しばし夢中で、息をすることも時おり忘れ、アビゲイルは短剣の形へと蛇鋼を整形した。
使う道具が良いのか、何らかの助力が働いているのか、鍛造品を作り上げるには驚異的な早さであった。
焼き入れによる硬化、そして焼き戻しによる靱性の向上を経て、鋼を最適な状態にする。
「で、出来ました」
アビゲイルは汗を拭い、完成を宣言した。
まだ形だけだが、投擲用のダガーナイフだ。
鋼材を叩いて変形させた刃先から柄までの一体形成。
蛇の鱗模様のように複雑な縞を持つその刀身は武骨さと妖しい艶を持ち、ぎらりと鈍く光を反射していた。
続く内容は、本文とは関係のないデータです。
definition poly_product :: "complex poly poly \<Rightarrow> bool" where
  "poly_product q \<longleftrightarrow> (\<forall>m n. n > 0 \<longrightarrow> coeff (coeff q m) n = 0)"

end

theory Submission
  imports Defs
begin

(* Renormalize the fibre orbit by c_n = (p^n z)^{-\<alpha>} Q_z^n(w). Then c_{n+1} = F_y(c_n)
   with y = p^n(z) and F_y(c) = p(y)^{-\<alpha>} q(y, c y^\<alpha>). Splitting q by weights,
   F_y(c) = (phase) * (1 + o(1)) * (h(c) + o(1) (1 + |c|)^d) as y \<rightarrow> \<infinity>. Since G_h is
   invariant under the phases, grows like log near infinity and is continuous, this gives
   |G_h(F_y c) - d G_h(c)| \<le> \<eta> for |y| large, uniformly in c. Hence (c_n) is a pseudo-orbit
   of h, and its escape rate, which is G_z^\<alpha>(w), lies within \<eta> of G_h(c_0). *)

lemma logplus_nonneg: "logplus x \<ge> 0"
  by (simp add: logplus_def)

lemma logplus_eq_ln: "x \<ge> 1 \<Longrightarrow> logplus x = ln x"
  by (simp add: logplus_def)

(* On nonnegative arguments logplus is ln (max 1 x); this form is visibly continuous. *)
lemma logplus_eq_ln_max:
  assumes "x \<ge> 0"
  shows "logplus x = ln (max 1 x)"
proof (cases "x \<ge> 1")
  case False
  hence "ln x \<le> 0" using assms by (cases "x = 0") auto
  thus ?thesis using False by (simp add: logplus_def max_def)
qed (simp add: logplus_def)

lemma logplus_le_self: "x \<ge> 0 \<Longrightarrow> logplus x \<le> x"
proof (cases "x \<ge> 1")
  case True
  then show ?thesis using ln_le_minus_one[of x] by (simp add: logplus_def)
qed (simp add: logplus_eq_ln_max max_def)

lemma abs_ln_le_twice:
  fixes t :: real
  assumes "\<bar>t - 1\<bar> \<le> 1/2"
  shows "\<bar>ln t\<bar> \<le> 2 * \<bar>t - 1\<bar>"
proof -
  have t: "t > 0" "t \<ge> 1/2" using assms by (auto simp: abs_if split: if_splits)
  have upper: "ln t \<le> t - 1" using ln_le_minus_one t by simp
  have "ln (1/t) \<le> 1/t - 1" using ln_le_minus_one t by simp
  hence lower: "- ln t \<le> 1/t - 1" using t by (simp add: ln_div)
  have "1/t - 1 = (1 - t)/t" using t by (simp add: field_simps)
  also have "\<dots> \<le> \<bar>1 - t\<bar>/t" using t by (simp add: divide_right_mono)
  also have "\<dots> \<le> \<bar>1 - t\<bar>/(1/2)" using t by (intro divide_left_mono) auto
  finally have "1/t - 1 \<le> 2 * \<bar>t - 1\<bar>" by (simp add: abs_minus_commute mult.commute)
  thus ?thesis using upper lower by (smt (verit))
qed
lemma sum_tableau_gf_append:
  "(\<Sum>s\<in>words r. tableau_gf (q @ s) y) = 2 ^ r * pochhammer y r * tableau_gf q (y + of_nat r)"
proof (induction r arbitrary: q y)
  case 0
  then show ?case by (simp add: words_0)
next
  case (Suc r)
  have "(\<Sum>s\<in>words (Suc r). tableau_gf (q @ s) y) =
      (\<Sum>s\<in>words r. tableau_gf ((q @ [South]) @ s) y) + (\<Sum>s\<in>words r. tableau_gf ((q @ [West]) @ s) y)"
    by (simp add: sum_words_Suc sum.distrib)
  also have "\<dots> = 2 ^ r * pochhammer y r *
      (tableau_gf (q @ [South]) (y + of_nat r) + tableau_gf (q @ [West]) (y + of_nat r))"
    by (simp only: Suc.IH distrib_left)
  also have "\<dots> = 2 ^ r * pochhammer y r * (2 * (y + of_nat r) * tableau_gf q (y + of_nat (Suc r)))"
    by (simp add: tableau_gf_snoc_South tableau_gf_snoc_West algebra_simps)
  finally show ?case
    by (simp add: pochhammer_Suc algebra_simps)
qed

lemma sum_tableau_gf_words: "(\<Sum>w\<in>words n. tableau_gf w y) = 2 ^ n * pochhammer y n"
  using sum_tableau_gf_append[where q = "[]"] by (simp add: tableau_gf_Nil)

lemma typeB_tableaux_eq_Sigma: "typeB_tableaux n = Sigma (words n) tableaux_of"
proof -
  have "is_typeB_tableau n w f \<longleftrightarrow> length w = n \<and> is_typeB_tableau (length w) w f" for w f
    by (auto simp: is_typeB_tableau_def)
  then show ?thesis
    unfolding typeB_tableaux_def words_def tableaux_of_def by blast
qed

lemma card_typeB_tableaux: "card (typeB_tableaux n) = 2 ^ n * fact n"
proof -
  have "int (card (typeB_tableaux n)) = (\<Sum>w\<in>words n. tableau_gf w 1)"
    unfolding typeB_tableaux_eq_Sigma
    by (subst card_SigmaI) (auto simp: finite_words finite_tableaux_of tableau_gf_at_1)
  also have "\<dots> = int (2 ^ n * fact n)"
    by (simp add: sum_tableau_gf_words flip: pochhammer_fact)
  finally show ?thesis
    by (simp only: of_nat_eq_iff)
qed

section \<open>Adjacent West steps\<close>

lemma WW_count_eq_card: "WW_count n w = card {j. j < n - 1 \<and> w ! j = West \<and> w ! Suc j = West}"
proof -
  have "{k \<in> {2..n}. w ! (k - 2) = West \<and> w ! (k - 1) = West} =
      (\<lambda>j. j + 2) ` {j. j < n - 1 \<and> w ! j = West \<and> w ! Suc j = West}"
  proof (intro equalityI subsetI)
    fix k assume "k \<in> {k \<in> {2..n}. w ! (k - 2) = West \<and> w ! (k - 1) = West}"
    then show "k \<in> (\<lambda>j. j + 2) ` {j. j < n - 1 \<and> w ! j = West \<and> w ! Suc j = West}"
      by (intro image_eqI[of k _ "k - 2"]) (auto simp: Suc_diff_Suc numeral_2_eq_2)
  qed (auto simp: numeral_2_eq_2)
  then show ?thesis
    unfolding WW_count_def by (simp add: card_image inj_on_def)
qed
鍛冶神ガンズ・ガンツ・ガンツはそれを手に取り、四方から眺め、大きく頷く。
毛に覆われた顔から表情は読み取れないが、それでも声音から満足げな様子がにじみ出ていた。
「妖精短剣+2、ダ。良い品ダな」
「ぷらす……。は、はい!」
神の口にする謎の概念であるプラスのことを一瞬訝しんだが、今は捨て置いた。
それよりも、鍛冶の神に誉められたのだ。
「それって、つまり……」
「うむ。想いの籠った鍛造品ダ」
三級神、鍛冶神ガンツ・ガンズ・ガンツは称賛するようにぱちぱちと手を叩く。
手は毛によって音が鳴りにくいのか、やや力ない音であったが、それでも微笑みながら褒め称えていることはアビゲイルにも受け取れた。
「これからは鍛冶師として一人前と胸を張れ。【芽生えし鍛え手】アビゲイル」
「はい! ありがとうございます!」
返された鍛造品を捧げ持ち、アビゲイルは声を張り上げる。
それに追従するように、やったー! とリリが万歳をして飛び上がり、ケルクは嬉しそうにわふわふと吠えた。
雑感
なんと、神域は肺の付近でした。
なら問題ないね。大丈夫大丈夫。